Work to be completed |
Filter these records by the string "tcat", copying each line that holds it.

====== Material for this task

(* Let $\Lambda^*$ be a factorial language in $(\mathbb F_+^d)^N$ and let $\emptyset\ne F\subseteq[N]$. Then \[\bigcap_{i\in F}\ker\phi_{\mathbf i}=\{a\in A: a=aQ_F\}\quad\text{and}\quad\{a\in A:aQ_F=0\}\subseteq\mathcal I_F.\] Hence $Q_F\in A$ if and only if $\mathcal I_F=A(I-Q_F)$.
   Context: $\mathbb F_+^d$ is the free semigroup on letters $[d]$ with empty word $\emptyset$. In $(\mathbb F_+^d)^N$: $\underline\mu*\underline\nu=(\mu_1\nu_1,\dots,\mu_N\nu_N)$; $|\underline\mu|=(|\mu_1|,\dots,|\mu_N|)$; $\operatorname{supp}\underline\mu=\{i:\mu_i\ne\emptyset\}$; $\delta_i(k)$ has the letter $k$ in coordinate $i$ and $\emptyset$ elsewhere. A factorial language $\Lambda^*\subseteq(\mathbb F_+^d)^N$: for every $i\in[N]$ some $\delta_i(k)\in\Lambda^*$, and $\Lambda^*$ is closed under subwords ($\underline\nu$ with $\underline\mu=\underline w*\underline\nu*\underline q$). On $\ell^2(\Lambda^* )$ with basis $\{e_{\underline w}\}$, $T_{\underline\mu}e_{\underline w}=e_{\underline\mu*\underline w}$ if $\underline\mu*\underline w\in\Lambda^*$ and $0$ otherwise. $A=C^*(T_{\underline\mu}^*T_{\underline\mu}:\underline\mu\in\Lambda^* )$ (unital, the algebra of checkers). For $i\in[N]$, $P_{\mathbf i}=\sum_{k\in[d]}T_{\delta_i(k)}T_{\delta_i(k)}^*$ and $Q_F=\prod_{i\in F}(I-P_{\mathbf i})$. Product system $X(\Lambda^* )$ over $\mathbb Z_+^N$ with coefficients $A$: $X_{\underline n}(\Lambda^* )=\overline{\operatorname{span}}\{T_{\underline\mu}a:a\in A,\underline\mu\in\Lambda^*,|\underline\mu|=\underline n\}\subseteq B(\ell^2(\Lambda^* ))$, with $\langle\xi,\eta\rangle=\xi^*\eta$, $\phi_{\underline n}(a)\xi\cdot b=a\xi b$, and multiplication given by operator product; all left actions are by compact operators. $\ker\phi_{\mathbf i}=\{a\in A:a\xi=0\ \forall\xi\in X_{\mathbf i}(\Lambda^* )\}$. $\mathcal J_F=(\bigcap_{i\in F}\ker\phi_{\mathbf i})^\perp$ (annihilator in $A$) and $\mathcal I_F=\{a\in\mathcal J_F:\langle\xi,a\eta\rangle\in\mathcal J_F\ \forall\xi,\eta\in X_{\underline m}(\Lambda^* ),\ \underline m\in\mathbb Z_+^N \text{ with } \{i:m_i\neq0\}\cap F=\emptyset\}$. *)

theory Defs
  imports "HOL-Analysis.Analysis" "HOL-Library.Function_Algebras"
begin

text \<open>Elements of (F_+^d)^N are functions nat => nat list, nonempty only on {1..N};
letters are 1..d.  Vectors of l2(Lambda*) are functions word => complex vanishing
off Lambda*.  Bounded operators are maps vec => vec that are linear and bounded on
l2(Lambda*), and send non-l2 inputs to 0 (a canonical normalisation).
The product of operators is composition, sums/differences are pointwise.\<close>

type_synonym word = "nat \<Rightarrow> nat list"
type_synonym vec = "word \<Rightarrow> complex"
type_synonym op = "vec \<Rightarrow> vec"

definition tcat :: "word \<Rightarrow> word \<Rightarrow> word" where
  "tcat \<mu> \<nu> = (\<lambda>i. \<mu> i @ \<nu> i)"

definition tlen :: "word \<Rightarrow> nat \<Rightarrow> nat" where
  "tlen \<mu> = (\<lambda>i. length (\<mu> i))"

definition delta :: "nat \<Rightarrow> nat \<Rightarrow> word" where
  "delta i k = (\<lambda>j. if j = i then [k] else [])"

definition unitvec :: "nat \<Rightarrow> nat \<Rightarrow> nat" where
  "unitvec i = (\<lambda>j. if j = i then 1 else 0)"

definition words :: "nat \<Rightarrow> nat \<Rightarrow> word set" where
  "words d N = {w. (\<forall>i. i \<notin> {1..N} \<longrightarrow> w i = []) \<and> (\<forall>i. set (w i) \<subseteq> {1..d})}"

definition factorial_language :: "nat \<Rightarrow> nat \<Rightarrow> word set \<Rightarrow> bool" where
  "factorial_language d N L \<longleftrightarrow>
     L \<subseteq> words d N \<and>
     (\<forall>i\<in>{1..N}. \<exists>k\<in>{1..d}. delta i k \<in> L) \<and>
     (\<forall>\<mu>\<in>L. \<forall>w \<nu> q. \<mu> = tcat (tcat w \<nu>) q \<longrightarrow> \<nu> \<in> L)"

definition ell2 :: "word set \<Rightarrow> vec set" where
  "ell2 L = {f. (\<forall>x. x \<notin> L \<longrightarrow> f x = 0) \<and> (\<lambda>x. (cmod (f x))^2) summable_on UNIV}"

definition l2norm :: "vec \<Rightarrow> real" where
  "l2norm f = sqrt (\<Sum>\<^sub>\<infinity>x. (cmod (f x))^2)"

definition l2inner :: "vec \<Rightarrow> vec \<Rightarrow> complex" where
  "l2inner f g = (\<Sum>\<^sub>\<infinity>x. cnj (f x) * g x)"

definition bounded_ops :: "word set \<Rightarrow> op set" where
  "bounded_ops L = {T.
     (\<forall>f\<in>ell2 L. T f \<in> ell2 L) \<and>
     (\<forall>f\<in>ell2 L. \<forall>g\<in>ell2 L. T (f + g) = T f + T g) \<and>
     (\<forall>c. \<forall>f\<in>ell2 L. T (\<lambda>x. c * f x) = (\<lambda>x. c * T f x)) \<and>
     (\<exists>C. \<forall>f\<in>ell2 L. l2norm (T f) \<le> C * l2norm f) \<and>
     (\<forall>f. f \<notin> ell2 L \<longrightarrow> T f = 0)}"

definition idop :: "word set \<Rightarrow> op" where
  "idop L = (\<lambda>f. if f \<in> ell2 L then f else 0)"

definition opnorm :: "word set \<Rightarrow> op \<Rightarrow> real" where
  "opnorm L T = Sup {l2norm (T f) | f. f \<in> ell2 L \<and> l2norm f \<le> 1}"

============

Answer space |
definition tcat :: "word \<Rightarrow> word \<Rightarrow> word" where
  "tcat \<mu> \<nu> = (\<lambda>i. \<mu> i @ \<nu> i)"
     (\<forall>\<mu>\<in>L. \<forall>w \<nu> q. \<mu> = tcat (tcat w \<nu>) q \<longrightarrow> \<nu> \<in> L)"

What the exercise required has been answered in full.